EXERCISE INPUT:
(* Let $\varphi_t(\theta)=\theta+t\omega\pmod 1$ on $\mathbb{T}^d$ with $\omega\in\mathcal{D}_{c,\tau}$, and let $g(s)=2\sin^2(\pi s)$ on $[0,1]$. If $h\in C^l(\mathbb{T}^d,\mathbb{R})$ with $l>d+2\tau$, then there is a constant $C>0$ such that for all $\theta\in\mathbb{T}^d$ and all $T>0$, \[ \left|\frac1T\int_0^T g\!\left(\tfrac tT\right)h(\theta+t\omega)\,dt-\int_{\mathbb{T}^d}h\,d\theta\right|\le C\,T^{-2}. \]
   Context: A vector $\omega\in\mathbb{R}^d$ is Diophantine, $\omega\in\mathcal{D}_{c,\tau}$ (with $c>0$, $\tau\ge d-1$), if $|k\cdot\omega|>c\|k\|^{-\tau}$ for all $k\in\mathbb{Z}^d\setminus\{0\}$. $d\theta$ denotes normalized Lebesgue measure on $\mathbb{T}^d=\mathbb{R}^d/\mathbb{Z}^d$. *)

theory Defs
  imports "HOL-Analysis.Analysis"
begin

fun Ck :: "nat \<Rightarrow> ('a::euclidean_space \<Rightarrow> real) \<Rightarrow> bool" where
  "Ck 0 f = continuous_on UNIV f"
| "Ck (Suc n) f = (\<exists>f'. (\<forall>x. (f has_derivative f' x) (at x)) \<and> (\<forall>v. Ck n (\<lambda>x. f' x v)))"

definition int_vec :: "real^'d \<Rightarrow> bool" where
  "int_vec k \<longleftrightarrow> (\<forall>i. k $ i \<in> \<int>)"

definition diophantine :: "real \<Rightarrow> real \<Rightarrow> real^'d \<Rightarrow> bool" where
  "diophantine c \<tau> \<omega> \<longleftrightarrow> c > 0 \<and> \<tau> \<ge> real CARD('d) - 1 \<and>
     (\<forall>k::real^'d. int_vec k \<and> k \<noteq> 0 \<longrightarrow> \<bar>k \<bullet> \<omega>\<bar> > c * norm k powr (-\<tau>))"

text \<open>Z^d-periodic functions = functions on the torus.\<close>
definition torus_periodic :: "(real^'d \<Rightarrow> real) \<Rightarrow> bool" where
  "torus_periodic h \<longleftrightarrow> (\<forall>x k. int_vec k \<longrightarrow> h (x + k) = h x)"

definition gw :: "real \<Rightarrow> real" where
  "gw s = 2 * (sin (pi * s))^2"

end

theory Submission
  imports Defs
begin

text \<open>Expand \<open>h\<close> in its Fourier series \<open>\<Sum>\<^sub>k c\<^sub>k exp (2\<pi>i k \<bullet> \<theta>)\<close>. The weight \<open>g\<close> has mean one,
  so the zero mode contributes exactly \<open>\<integral>h\<close> to the weighted average along the orbit. For \<open>k \<noteq> 0\<close>
  the weight and its derivative vanish at both ends of \<open>[0, T]\<close>, so two integrations by parts
  bound the weighted average of \<open>exp (2\<pi>i k \<bullet> (\<theta> + t\<omega>))\<close> by \<open>1 / ((k \<bullet> \<omega>) T)\<^sup>2\<close>, which the
  Diophantine condition turns into \<open>|k|\<^sup>2\<^sup>\<tau> / (c T)\<^sup>2\<close>. The resulting series
  \<open>\<Sum>\<^sub>k |c\<^sub>k| (1 + |k|)\<^sup>2\<^sup>\<tau>\<close> converges because \<open>l\<close>-th order finite differences give
  \<open>c\<^sub>k = O(|k|\<^sup>-\<^sup>l)\<close> and \<open>l - 2\<tau> > d\<close>. That the Fourier series of \<open>h\<close> converges to \<open>h\<close> follows
  from uniqueness of Fourier coefficients, proved by Stone-Weierstrass approximation on the torus
  embedded in \<open>\<real>\<^sup>2\<^sup>d\<close>.\<close>

section \<open>Integer vectors and lattice-periodic functions\<close>

lemma int_vec_zero [simp]: "int_vec 0"
  by (simp add: int_vec_def)

lemma int_vec_add: "int_vec a \<Longrightarrow> int_vec b \<Longrightarrow> int_vec (a + b)"
  by (auto simp: int_vec_def)

lemma int_vec_minus [intro]: "int_vec a \<Longrightarrow> int_vec (- a)"
  by (auto simp: int_vec_def)

lemma int_vec_diff [intro]: "int_vec a \<Longrightarrow> int_vec b \<Longrightarrow> int_vec (a - b)"
  by (auto simp: int_vec_def)

lemma int_vec_axis [intro]: "n \<in> \<int> \<Longrightarrow> int_vec (axis j n)"
  by (auto simp: int_vec_def axis_def)

lemma inner_int_vec_in_Ints: "int_vec a \<Longrightarrow> int_vec b \<Longrightarrow> a \<bullet> b \<in> \<int>"
  unfolding inner_vec_def int_vec_def by (auto intro!: Ints_sum Ints_mult simp: real_inner_1_right)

PROBLEM DETAILS:
Reproduce exactly the lines of the records above from the one with "embedded in \<open>\<real>\<^sup>2\<^sup>d\<close>.\<close>" to the one with "by (simp add: int_vec_def)", both included, and leave out everything else.

SOLUTION TO THE EXERCISE:
  embedded in \<open>\<real>\<^sup>2\<^sup>d\<close>.\<close>

section \<open>Integer vectors and lattice-periodic functions\<close>

lemma int_vec_zero [simp]: "int_vec 0"
  by (simp add: int_vec_def)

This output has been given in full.